Comparison Slider for figures and images with RICV

By Kailas Venkitasubramanian in R

February 17, 2022

There is no end to all the magic you can do with R. I come across at least one nifty tool in the web everyday. RICV is one such awesome little visualization package that lets you compare plots using sliders.

Here’s a short introduction of RICV’s magic.

Get set up

Install the package from github and call the libraries you need to create visualizations. ggplot is my viz workhorse. I also call ggthemr because it lets me use the rust theme whose color palettes work nicely with this website theme :).

# devtools::install_github("xvrdm/ricv")
library(dplyr)
library(ggplot2)
library(ricv)
library(ggthemr)

Invoke the theme

Let’s get the rust theme

ggthemr('dust')

Generate a few plots

I got the IRIS dataset to test a few bivariate scatterplot variants. p1 is a basic plot. p2 is a bin2d plot where the rectangle shading usually helps when there is overplotting.

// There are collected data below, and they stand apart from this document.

(* Let $G$ be a group such that $Q=\mathrm{Core}(G)$ is latin, and let $\theta:G\times G\to G$ be given by $\theta_{x,y}=xy^{-1}$ (a quandle cocycle of $Q$ with values in $G$). Then $\theta$ is cohomologous to the trivial cocycle if and only if $G$ is abelian.
   Context: $\mathrm{Core}(G)$ is the quandle on $G$ with $x*y=xy^{-1}x$; a quandle is latin if every right translation $y\mapsto y*x$ is bijective. A quandle cocycle of a quandle $Q$ with values in $G$ is $\theta:Q\times Q\to G$ with $\theta_{x*y,x*z}\theta_{x,z}=\theta_{x,y*z}\theta_{y,z}$ and $\theta_{x,x}=1$; $\theta$ is cohomologous to the trivial cocycle (constantly $1$) if there exists $\gamma:Q\to G$ with $\theta_{x,y}=\gamma_{x*y}\gamma_y^{-1}$ for all $x,y\in Q$. *)

theory Defs
  imports "HOL-Algebra.Group"
begin

definition core_op :: "('a, 'b) monoid_scheme \<Rightarrow> 'a \<Rightarrow> 'a \<Rightarrow> 'a" where
  "core_op G x y = x \<otimes>\<^bsub>G\<^esub> inv\<^bsub>G\<^esub> y \<otimes>\<^bsub>G\<^esub> x"

definition latin_quandle :: "'a set \<Rightarrow> ('a \<Rightarrow> 'a \<Rightarrow> 'a) \<Rightarrow> bool" where
  "latin_quandle Q op \<longleftrightarrow> (\<forall>x\<in>Q. bij_betw (\<lambda>y. op y x) Q Q)"

definition quandle_cocycle ::
  "'a set \<Rightarrow> ('a \<Rightarrow> 'a \<Rightarrow> 'a) \<Rightarrow> ('g, 'c) monoid_scheme \<Rightarrow> ('a \<Rightarrow> 'a \<Rightarrow> 'g) \<Rightarrow> bool" where
  "quandle_cocycle Q op H \<theta> \<longleftrightarrow>
     (\<forall>x\<in>Q. \<forall>y\<in>Q. \<theta> x y \<in> carrier H) \<and>
     (\<forall>x\<in>Q. \<forall>y\<in>Q. \<forall>z\<in>Q.
        \<theta> (op x y) (op x z) \<otimes>\<^bsub>H\<^esub> \<theta> x z = \<theta> x (op y z) \<otimes>\<^bsub>H\<^esub> \<theta> y z) \<and>
     (\<forall>x\<in>Q. \<theta> x x = \<one>\<^bsub>H\<^esub>)"

definition cohomologous_to_trivial ::
  "'a set \<Rightarrow> ('a \<Rightarrow> 'a \<Rightarrow> 'a) \<Rightarrow> ('g, 'c) monoid_scheme \<Rightarrow> ('a \<Rightarrow> 'a \<Rightarrow> 'g) \<Rightarrow> bool" where
  "cohomologous_to_trivial Q op H \<theta> \<longleftrightarrow>
     (\<exists>\<gamma>. (\<forall>x\<in>Q. \<gamma> x \<in> carrier H) \<and>
        (\<forall>x\<in>Q. \<forall>y\<in>Q. \<theta> x y = \<gamma> (op x y) \<otimes>\<^bsub>H\<^esub> inv\<^bsub>H\<^esub> (\<gamma> y)))"

end

theory Submission
  imports Defs
begin

text \<open>Right translation by \<open>\<one>\<close> in \<open>Core(G)\<close> is squaring, so \<open>Core(G)\<close> latin makes squaring a
  bijection of \<open>G\<close>. If \<open>x y\<inverse> = \<gamma>(x y\<inverse> x) \<gamma>(y)\<inverse>\<close>, then \<open>\<gamma>(x y\<inverse> x) = x y\<inverse> \<gamma>(y)\<close>, in particular
  \<open>\<gamma>(v\<^sup>2) = v \<gamma>(\<one>)\<close>. Writing \<open>x u\<^sup>-\<^sup>2 x = w\<^sup>2\<close>, the two formulas give \<open>w \<gamma>(\<one>) = x u\<inverse> \<gamma>(\<one>)\<close>, so
  \<open>(x u\<inverse>)\<^sup>2 = x u\<^sup>-\<^sup>2 x\<close>, i.e. \<open>x\<close> commutes with \<open>u\<inverse>\<close>. Conversely, in an abelian group the
  square root \<open>\<gamma> = \<surd>\<close> works, since \<open>x y\<inverse> \<surd>y\<close> and \<open>\<surd>(x y\<inverse> x)\<close> have the same square.\<close>

lemma (in group) inv_cancel_left [simp]:
  "x \<in> carrier G \<Longrightarrow> a \<in> carrier G \<Longrightarrow> x \<otimes> (inv x \<otimes> a) = a"
  "x \<in> carrier G \<Longrightarrow> a \<in> carrier G \<Longrightarrow> inv x \<otimes> (x \<otimes> a) = a"
  by (simp_all add: m_assoc[symmetric])

lemma (in group) core_op_one: "y \<in> carrier G \<Longrightarrow> core_op G y \<one> = y \<otimes> y"
  by (simp add: core_op_def)

lemma (in group) bij_square_if_latin_core:
  assumes "latin_quandle (carrier G) (core_op G)"
  shows "bij_betw (\<lambda>y. y \<otimes> y) (carrier G) (carrier G)"
proof -
  have "bij_betw (\<lambda>y. core_op G y \<one>) (carrier G) (carrier G)"
    using assms unfolding latin_quandle_def by blast
  then show ?thesis
    by (rule bij_betw_cong[THEN iffD1, rotated]) (simp add: core_op_one)
qed

lemma (in group) quandle_cocycle_core_div:
  "quandle_cocycle (carrier G) (core_op G) G (\<lambda>x y. x \<otimes> inv y)"
proof -
  have "x \<otimes> inv y \<otimes> x \<otimes> inv (x \<otimes> inv z \<otimes> x) \<otimes> (x \<otimes> inv z) = x \<otimes> inv y"
    and "x \<otimes> inv (y \<otimes> inv z \<otimes> y) \<otimes> (y \<otimes> inv z) = x \<otimes> inv y"
    if "x \<in> carrier G" "y \<in> carrier G" "z \<in> carrier G" for x y z
    using that by (simp_all add: inv_mult_group m_assoc)
  then show ?thesis
    unfolding quandle_cocycle_def core_op_def by auto
qed

lemma (in group) comm_group_if_cohomologous_trivial:
  assumes square_surj: "(\<lambda>y. y \<otimes> y) ` carrier G = carrier G"
    and "cohomologous_to_trivial (carrier G) (core_op G) G (\<lambda>x y. x \<otimes> inv y)"
  shows "comm_group G"
proof -
  obtain \<gamma> where \<gamma>_closed: "\<And>x. x \<in> carrier G \<Longrightarrow> \<gamma> x \<in> carrier G"
    and \<gamma>_eq: "\<And>x y. x \<in> carrier G \<Longrightarrow> y \<in> carrier G \<Longrightarrow>
                  x \<otimes> inv y = \<gamma> (x \<otimes> inv y \<otimes> x) \<otimes> inv (\<gamma> y)"
    using assms(2) unfolding cohomologous_to_trivial_def core_op_def by blast
  have \<gamma>_core: "\<gamma> (x \<otimes> inv y \<otimes> x) = x \<otimes> inv y \<otimes> \<gamma> y"
    if "x \<in> carrier G" "y \<in> carrier G" for x y
    using \<gamma>_eq[OF that] that by (simp add: \<gamma>_closed inv_solve_right)
  define c where "c = \<gamma> \<one>"
  have c_closed: "c \<in> carrier G"
    by (simp add: c_def \<gamma>_closed)
  have \<gamma>_square: "\<gamma> (v \<otimes> v) = v \<otimes> c" if "v \<in> carrier G" for v
    using \<gamma>_core[OF that one_closed] that by (simp add: c_def)
  have inv_commute: "inv u \<otimes> x = x \<otimes> inv u"
    if x: "x \<in> carrier G" and u: "u \<in> carrier G" for x u
  proof -
    obtain w where w: "w \<in> carrier G" "w \<otimes> w = x \<otimes> inv (u \<otimes> u) \<otimes> x"
      using square_surj x u by (metis (no_types, lifting) imageE inv_closed m_closed)
    have "w \<otimes> c = \<gamma> (x \<otimes> inv (u \<otimes> u) \<otimes> x)"
      using \<gamma>_square w by metis
    also have "\<dots> = x \<otimes> inv (u \<otimes> u) \<otimes> (u \<otimes> c)"
      using \<gamma>_core \<gamma>_square x u by simp
    also have "\<dots> = x \<otimes> inv u \<otimes> c"
      using x u c_closed by (simp add: inv_mult_group m_assoc)
    finally have "w = x \<otimes> inv u"
      using w x u c_closed by simp
    with w have "x \<otimes> inv u \<otimes> (x \<otimes> inv u) = x \<otimes> inv u \<otimes> (inv u \<otimes> x)"
      using x u by (simp add: inv_mult_group m_assoc)
    then show ?thesis
      using x u by simp
  qed
  show ?thesis
  proof (rule group_comm_groupI)
    fix x y
    assume "x \<in> carrier G" "y \<in> carrier G"
    then show "x \<otimes> y = y \<otimes> x"
      using inv_commute[of x "inv y"] by simp
  qed
qed

lemma (in comm_group) cohomologous_trivial_if_bij_square:
  assumes square_bij: "bij_betw (\<lambda>y. y \<otimes> y) (carrier G) (carrier G)"
  shows "cohomologous_to_trivial (carrier G) (core_op G) G (\<lambda>x y. x \<otimes> inv y)"
proof -
  define square_root where "square_root = inv_into (carrier G) (\<lambda>y. y \<otimes> y)"
  have root_closed: "square_root z \<in> carrier G"
    and root_square: "square_root z \<otimes> square_root z = z" if "z \<in> carrier G" for z
    using that square_bij unfolding square_root_def
    by (auto intro: inv_into_into f_inv_into_f[where f = "\<lambda>y. y \<otimes> y"] simp: bij_betw_def)
  have root_core: "square_root (x \<otimes> inv y \<otimes> x) = x \<otimes> inv y \<otimes> square_root y"
    if x: "x \<in> carrier G" and y: "y \<in> carrier G" for x y
  proof (rule inj_onD[OF bij_betw_imp_inj_on[OF square_bij]])
    have "x \<otimes> inv y \<otimes> square_root y \<otimes> (x \<otimes> inv y \<otimes> square_root y)
        = x \<otimes> inv y \<otimes> x \<otimes> inv y \<otimes> (square_root y \<otimes> square_root y)"
      using x y root_closed by (simp add: m_ac)
    also have "\<dots> = x \<otimes> inv y \<otimes> x"
      using x y by (simp add: root_square m_assoc)
    finally show "square_root (x \<otimes> inv y \<otimes> x) \<otimes> square_root (x \<otimes> inv y \<otimes> x)
        = x \<otimes> inv y \<otimes> square_root y \<otimes> (x \<otimes> inv y \<otimes> square_root y)"
      using x y by (simp add: root_square)
  qed (use x y root_closed in auto)
  have "x \<otimes> inv y = square_root (x \<otimes> inv y \<otimes> x) \<otimes> inv (square_root y)"
    if "x \<in> carrier G" "y \<in> carrier G" for x y
    unfolding root_core[OF that] using that by (simp add: root_closed m_assoc)
  then show ?thesis
    unfolding cohomologous_to_trivial_def core_op_def
    by (intro exI[of _ square_root]) (simp add: root_closed)
qed

theorem proposition4p5:
  fixes G :: "('a, 'b) monoid_scheme"
  assumes "group G"
    and "latin_quandle (carrier G) (core_op G)"
  shows "quandle_cocycle (carrier G) (core_op G) G (\<lambda>x y. x \<otimes>\<^bsub>G\<^esub> inv\<^bsub>G\<^esub> y)
       \<and> (cohomologous_to_trivial (carrier G) (core_op G) G (\<lambda>x y. x \<otimes>\<^bsub>G\<^esub> inv\<^bsub>G\<^esub> y)
            \<longleftrightarrow> comm_group G)"
proof -
  interpret group G by (rule assms(1))
  have square_bij: "bij_betw (\<lambda>y. y \<otimes>\<^bsub>G\<^esub> y) (carrier G) (carrier G)"
    using assms(2) by (rule bij_square_if_latin_core)
  show ?thesis
    using quandle_cocycle_core_div
      comm_group_if_cohomologous_trivial[OF bij_betw_imp_surj_on[OF square_bij]]
      comm_group.cohomologous_trivial_if_bij_square[OF _ square_bij]
    by blast
qed

end
lemma curves_through_two_points:
  fixes p :: int
  assumes p: "prime p" "p > 2"
    and x: "x \<in> {0..<p} \<times> {0..<p}" and y: "y \<in> {0..<p} \<times> {0..<p}" and "x \<noteq> y"
  shows "card {z\<in>curves p. on_curve p z x \<and> on_curve p z y} \<le> 1"
proof -
  obtain a c a' c' where xy: "x = (a, c)" "y = (a', c')" by fastforce
  have bounds: "0 \<le> a" "a < p" "0 \<le> c" "c < p" "0 \<le> a'" "a' < p" "0 \<le> c'" "c' < p"
    using x y by (auto simp: xy)
  have parabola: "a \<noteq> a'" if "on_curve p (Inl q) x" "on_curve p (Inl q) y" for q
    using parabola_same_abscissa[of c p c' q a] that bounds \<open>x \<noteq> y\<close> by (auto simp: xy)
  have "z1 = z2" if z1: "z1 \<in> curves p" "on_curve p z1 x" "on_curve p z1 y"
    and z2: "z2 \<in> curves p" "on_curve p z2 x" "on_curve p z2 y" for z1 z2
  proof (cases "a = a'")
    case True
    then obtain \<gamma>1 \<gamma>2 where \<gamma>: "z1 = Inr \<gamma>1" "z2 = Inr \<gamma>2"
      using parabola z1 z2 by (cases z1; cases z2) auto
    have "p dvd (\<gamma>1 - 2 * a) - (\<gamma>2 - 2 * a)"
      by (rule dvd_diff) (use z1 z2 in \<open>simp_all add: on_curve_def xy \<gamma>\<close>)
    then have "\<gamma>1 = \<gamma>2"
      using z1(1) z2(1) int_eq_of_dvd_diff[of \<gamma>1 p \<gamma>2] by (auto simp: curves_def \<gamma>)
    then show ?thesis by (simp add: \<gamma>)
  next
    case False
    then obtain q1 q2 where q: "z1 = Inl q1" "z2 = Inl q2"
      using vertical_line_same_abscissa[OF p bounds(1,2,5,6)] z1 z2 by (cases z1; cases z2) (auto simp: xy)
    have "q1 \<in> {0..<p} \<times> {0..<p}" "q2 \<in> {0..<p} \<times> {0..<p}"
      using z1(1) z2(1) by (auto simp: curves_def q)
    with False show ?thesis
      using parabola_through_two_points_unique[OF p bounds(1,2,5,6) False] z1 z2 by (simp add: q xy)
  qed
  moreover have "finite {z\<in>curves p. on_curve p z x \<and> on_curve p z y}"
    using finite_curves by simp
  ultimately show ?thesis by (auto simp: card_le_Suc0_iff_eq)
qed

definition orth_curve :: "int \<Rightarrow> int \<times> int \<Rightarrow> (int \<times> int) + int" where
  "orth_curve p y = Inl (fst y, ((fst y)\<^sup>2 + snd y) mod p)"

lemma on_orth_curve_iff:
  "on_curve p (orth_curve p y) x \<longleftrightarrow> p dvd (fst x - fst y)\<^sup>2 + snd x + snd y"
proof -
  define m where "m = (fst y)\<^sup>2 + snd y"
  have "on_curve p (orth_curve p y) x \<longleftrightarrow> p dvd m mod p + ((fst x)\<^sup>2 + snd x - 2 * fst x * fst y)"
    by (simp add: on_curve_def orth_curve_def m_def add.assoc add_diff_eq)
  also have "\<dots> \<longleftrightarrow> p dvd m + ((fst x)\<^sup>2 + snd x - 2 * fst x * fst y)"
    by (simp add: dvd_eq_mod_eq_0 mod_add_left_eq)
  also have "m + ((fst x)\<^sup>2 + snd x - 2 * fst x * fst y) = (fst x - fst y)\<^sup>2 + snd x + snd y"
    by (simp add: m_def power2_eq_square algebra_simps)
  finally show ?thesis .
qed

lemma orth_curve_in_curves:
  "0 < p \<Longrightarrow> y \<in> {0..<p} \<times> {0..<p} \<Longrightarrow> orth_curve p y \<in> curves p"
  by (auto simp: orth_curve_def curves_def)

lemma inj_on_orth_curve: "inj_on (orth_curve p) ({0..<p} \<times> {0..<p})"
proof (rule inj_onI)
  fix x y assume x: "x \<in> {0..<p} \<times> {0..<p}" and y: "y \<in> {0..<p} \<times> {0..<p}"
    and "orth_curve p x = orth_curve p y"
  then have "fst x = fst y" "((fst x)\<^sup>2 + snd x) mod p = ((fst x)\<^sup>2 + snd y) mod p"
    by (auto simp: orth_curve_def)
  moreover from this(2) have "p dvd snd x - snd y" by (simp add: mod_eq_dvd_iff)
  then have "snd x = snd y" using x y int_eq_of_dvd_diff by (auto simp: mem_Times_iff)
  ultimately show "x = y" by (simp add: prod_eq_iff)
qed

lemma not_on_own_orth_curve:
  fixes p :: int
  assumes p: "prime p" "p > 2" and x: "1 \<le> snd x" "snd x < p"
  shows "\<not> on_curve p (orth_curve p x) x"
proof -
  have "\<not> p dvd snd x" using x zdvd_imp_le by fastforce
  then show ?thesis using odd_prime_dvd_double[OF p, of "snd x"] by (auto simp: on_orth_curve_iff)
qed

lemma cubic_bound_of_incidence:
  fixes s P :: real
  assumes "0 \<le> s" "0 \<le> P" "(s * (P + 1))\<^sup>2 \<le> (P * P + P - s) * (s * (P + s))"
  shows "s\<^sup>2 \<le> P\<^sup>2 * (P + 1)"
proof -
  text \<open>Expanding, the hypothesis says \<open>s * (s\<^sup>2 + 2Ps + s - P\<^sup>3 - P\<^sup>2) \<le> 0\<close>.\<close>
  have "s * (s * s) \<le> s * (P * P * (P + 1) - (2 * s * P + s))"
    using assms(3) by (simp add: power2_eq_square algebra_simps)
  also have "\<dots> \<le> s * (P * P * (P + 1))"
  proof -
    have "0 \<le> 2 * s * P + s" using assms(1,2) by simp
    then show ?thesis using assms(1) by (intro mult_left_mono) simp_all
  qed
  finally show ?thesis
    using assms(1,2) by (cases "s = 0") (auto simp: power2_eq_square)
qed

text \<open>Count incidences of \<open>S\<close> with the curves other than the orthogonal curves of its points,
  all of which avoid \<open>S\<close>.\<close>
lemma card_sq_le_if_pairs_nonzero:
  fixes p :: int and S :: "(int \<times> int) set"
  assumes p: "prime p" "p > 2" and S: "S \<subseteq> {0..<p} \<times> {1..<p}"
    and pairs: "\<forall>x\<in>S. \<forall>y\<in>S. x \<noteq> y \<longrightarrow> \<not> p dvd (fst x - fst y)\<^sup>2 + snd x + snd y"
  shows "(real (card S))\<^sup>2 \<le> (real_of_int p)\<^sup>2 * (real_of_int p + 1)"
proof -
  have S': "S \<subseteq> {0..<p} \<times> {0..<p}" and finS: "finite S"
    using S by (auto intro: finite_subset)
  have avoided: "\<not> on_curve p (orth_curve p y) x" if "x \<in> S" "y \<in> S" for x y
  proof (cases "x = y")
    case True
    then show ?thesis using not_on_own_orth_curve[OF p] S that by auto
  qed (use pairs that on_orth_curve_iff in blast)
  have orth_S: "orth_curve p ` S \<subseteq> curves p" "card (orth_curve p ` S) = card S"
    using S' p orth_curve_in_curves card_image[OF inj_on_subset[OF inj_on_orth_curve S']] by auto
  define D where "D = curves p - orth_curve p ` S"
  have through: "real (card {z\<in>D. on_curve p z x}) = real_of_int p + 1" if "x \<in> S" for x
  proof -
    have "{z\<in>D. on_curve p z x} = {z\<in>curves p. on_curve p z x}"
      using avoided[OF that] by (auto simp: D_def)
    then show ?thesis using card_curves_through[of p x] p by simp
  qed
  have common: "card {z\<in>D. on_curve p z x \<and> on_curve p z y} \<le> 1"
    if "x \<in> S" "y \<in> S" "x \<noteq> y" for x y
  proof -
    have "card {z\<in>D. on_curve p z x \<and> on_curve p z y} \<le> card {z\<in>curves p. on_curve p z x \<and> on_curve p z y}"
      using finite_curves by (intro card_mono) (auto simp: D_def)
    also have "\<dots> \<le> 1" using that S' by (intro curves_through_two_points[OF p]) auto
    finally show ?thesis .
  qed
  have "int (card D) = p * p + p - int (card S)"
    using card_curves[of p] p orth_S card_mono[OF finite_curves orth_S(1)]
    by (simp add: D_def card_Diff_subset finite_curves finite_subset of_nat_diff)
  then have card_D: "real (card D) = real_of_int p * real_of_int p + real_of_int p - real (card S)"
    by (metis of_int_of_nat_eq of_int_add of_int_diff of_int_mult)
  define s P where "s = real (card S)" and "P = real_of_int p"
  have "(s * (P + 1))\<^sup>2 \<le> real (card D) * (s * (P + 1 + s - 1))"
    unfolding s_def P_def
    by (rule incidence_bound[OF finS _ through common]) (simp_all add: D_def finite_curves)
  also have "\<dots> = (P * P + P - s) * (s * (P + s))"
    by (simp add: card_D s_def P_def)
  finally show ?thesis
    using p by (intro cubic_bound_of_incidence[of s P, unfolded s_def P_def]) (simp_all add: s_def P_def)
qed

section \<open>The graph\<close>

text \<open>Vertex \<open>i < p * qf_rows p\<close> is the point \<open>(a, b) = (i mod p, i div p)\<close> and carries the vector
  \<open>(1, a, a\<^sup>2 + b + 1)\<close>; the last three vertices carry \<open>(0, 1, 0)\<close>, \<open>(1, 0, 1)\<close> and \<open>(1, 0, -1)\<close>.
  Under the form \<open>u\<^sub>0 w\<^sub>2 - 2 u\<^sub>1 w\<^sub>1 + u\<^sub>2 w\<^sub>0\<close> two points pair to \<open>(a - a')\<^sup>2 + (b + 1) + (b' + 1)\<close>,
  and two vertices are adjacent iff their pairing is non-zero modulo \<open>p\<close>.\<close>
definition qf_rows :: "nat \<Rightarrow> nat" where
  "qf_rows p = p div 4"

definition qf_size :: "nat \<Rightarrow> nat" where
  "qf_size p = p * qf_rows p + 3"

definition qf_vec :: "nat \<Rightarrow> nat \<Rightarrow> nat \<Rightarrow> int" where
  "qf_vec p i k =
     (if i < p * qf_rows p then [1, int (i mod p), (int (i mod p))\<^sup>2 + int (i div p) + 1] ! k
      else if i = p * qf_rows p then [0, 1, 0] ! k
      else if i = p * qf_rows p + 1 then [1, 0, 1] ! k
      else [1, 0, -1] ! k)"

definition qf_covec :: "nat \<Rightarrow> nat \<Rightarrow> nat \<Rightarrow> int" where
  "qf_covec p j k = [qf_vec p j 2, -2 * qf_vec p j 1, qf_vec p j 0] ! k"

abbreviation qf_form :: "nat \<Rightarrow> nat \<Rightarrow> nat \<Rightarrow> int" where
  "qf_form p \<equiv> bilin 3 (qf_vec p) (qf_covec p)"

definition qf_graph :: "nat \<Rightarrow> nat \<Rightarrow> nat \<Rightarrow> bool" where
  "qf_graph p i j \<longleftrightarrow> i < qf_size p \<and> j < qf_size p \<and> i \<noteq> j \<and> \<not> int p dvd qf_form p i j"

lemma qf_form_eq:
  "qf_form p i j = qf_vec p i 0 * qf_vec p j 2 - 2 * (qf_vec p i 1 * qf_vec p j 1) + qf_vec p i 2 * qf_vec p j 0"
  by (simp add: bilin_def qf_covec_def eval_nat_numeral)

lemma qf_form_commute: "qf_form p i j = qf_form p j i"
  unfolding qf_form_eq by (simp add: algebra_simps)

lemma qf_form_points:
  assumes "i < p * qf_rows p" "j < p * qf_rows p"
  shows "qf_form p i j = (int (i mod p) - int (j mod p))\<^sup>2 + (int (i div p) + 1) + (int (j div p) + 1)"
  unfolding qf_form_eq using assms by (simp add: qf_vec_def power2_eq_square algebra_simps)

lemma qf_form_extra_vertices:
  assumes "p * qf_rows p \<le> i" "i < qf_size p" "p * qf_rows p \<le> j" "j < qf_size p"
  shows "qf_form p i j = (if i \<noteq> j then 0 else if i = p * qf_rows p + 1 then 2 else -2)"
proof -
  have "i = p * qf_rows p + (i - p * qf_rows p)" "j = p * qf_rows p + (j - p * qf_rows p)"
    "i - p * qf_rows p < 3" "j - p * qf_rows p < 3"
    using assms by (simp_all add: qf_size_def)
  then show ?thesis
    unfolding qf_form_eq qf_vec_def
    by (auto simp: less_Suc_eq numeral_3_eq_3 simp del: Nat.add_diff_assoc2)
qed

lemma qf_row_lt:
  assumes "p > 0" "i < p * qf_rows p"
  shows "i div p < qf_rows p" "qf_rows p < p"
  using assms by (simp_all add: div_less_iff_less_mult mult.commute qf_rows_def)

lemma simple_graph_qf_graph: "simple_graph (qf_size p) (qf_graph p)"
  unfolding simple_graph_def qf_graph_def using qf_form_commute by metis

lemma beta_qf_graph:
  assumes p: "prime p" "p > 2"
  shows "beta (qf_size p) (qf_graph p) = 3"
proof -
  define N where "N = p * qf_rows p"
  have diag: "\<not> int p dvd qf_form p i i" if i: "i < qf_size p" for i
  proof (cases "i < N")
    case True
    then have "i div p < qf_rows p" "qf_rows p < p"
      using qf_row_lt[of p i] p by (simp_all add: N_def)
    then have "\<not> int p dvd int (i div p) + 1"
      using zdvd_imp_le[of "int p" "int (i div p) + 1"] by linarith
    moreover have "prime (int p)" "int p > 2" using p by simp_all
    ultimately have "\<not> int p dvd 2 * (int (i div p) + 1)"
      by (blast dest: odd_prime_dvd_double)
    moreover have "qf_form p i i = 2 * (int (i div p) + 1)"
      using qf_form_points[of i p i] True by (simp add: N_def)
    ultimately show ?thesis by simp
  next
    case False
    then have "\<bar>qf_form p i i\<bar> = 2"
      using qf_form_extra_vertices[of p i i] i by (simp add: N_def)
    moreover have "\<not> int p dvd 2" using p zdvd_imp_le[of "int p" 2] by auto
    ultimately show ?thesis using dvd_abs_iff by metis
  qed
  have "int p dvd qf_form p i j" if "\<not> qf_graph p j i" "i < qf_size p" "j < qf_size p" "i \<noteq> j" for i j
    using that qf_form_commute[of p i j] by (simp add: qf_graph_def)
  with diag have "fits_mod p (qf_size p) (qf_graph p) (qf_form p)"
    by (simp add: fits_mod_def)
  from beta_le_of_fits_mod[OF p(1) this] have "beta (qf_size p) (qf_graph p) \<le> 3"
    by simp
  moreover have "real (card {N, N + 1, N + 2}) \<le> beta (qf_size p) (qf_graph p)"
  proof (rule beta_ge_independent)
    show "{N, N + 1, N + 2} \<subseteq> {0..<qf_size p}" by (auto simp: N_def qf_size_def)
    show "\<forall>u\<in>{N, N + 1, N + 2}. \<forall>v\<in>{N, N + 1, N + 2}. \<not> qf_graph p u v"
      using qf_form_extra_vertices[of p] by (auto simp: qf_graph_def N_def qf_size_def)
  qed
  ultimately show ?thesis by simp
qed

plot_gg <-  ggplot(data=iris, aes(x=Sepal.Width,y=Sepal.Length)) + 
  geom_point() +   xlim(2, 4.5) + ylim(4, 8)

p1 = tempfile(fileext = '.png') %>% 
                basename() %>% 
                  paste0('img/', .)

p2 = tempfile(fileext = '.png') %>% 
                basename() %>% 
                  paste0('img/', .)

ggsave(p1,plot_gg)

ggsave(p2,plot_gg + 
         geom_bin2d()+theme(legend.position = "none"))

Check the plots

p1

p2

They look right. Now let’s combine them!

Combine plots and bring the slider

ppp <- ricv(img1 = p1, img2 = p2,
     options = list(addCircle = TRUE, hoverStart = TRUE))

ppp
## $addCircle
## [1] TRUE
## 
## $hoverStart
## [1] TRUE
## 
## NULL
## $addCircle
## [1] TRUE
## 
## $hoverStart
## [1] TRUE
## 
## attr(,"class")
## [1] "Options"

We now have the plots overlaid and a slider lets us interact and visualize changes or get a different visual perspective of the bivariate relationship.

Generate a regression overlay

Let’s try a variant that is especially useful - regression lines that can be overlaid and swept away on demand when exploring scatterplot. p3 creates a smooth regression line with confidence intervals.

p3 = tempfile(fileext = '.png') %>% 
                basename() %>% 
                  paste0('img/', .)

ggsave(p3,plot_gg + 
         geom_smooth())

Awesomeness

We now can slide regression lines in and out of plots.

ppp1 <- ricv(img1 = p1, img2 = p3,
     options = list(addCircle = TRUE, hoverStart = TRUE))
## $addCircle
## [1] TRUE
## 
## $hoverStart
## [1] TRUE
## 
## NULL
## $addCircle
## [1] TRUE
## 
## $hoverStart
## [1] TRUE
## 
## attr(,"class")
## [1] "Options"
ppp1

Many possibilities

That’s it, folks. Try out RICV to add a bit of literal slickness to your visualizations. I’ll try to use this utility when showing changes over time, compare model estimates, or display maps with different filters.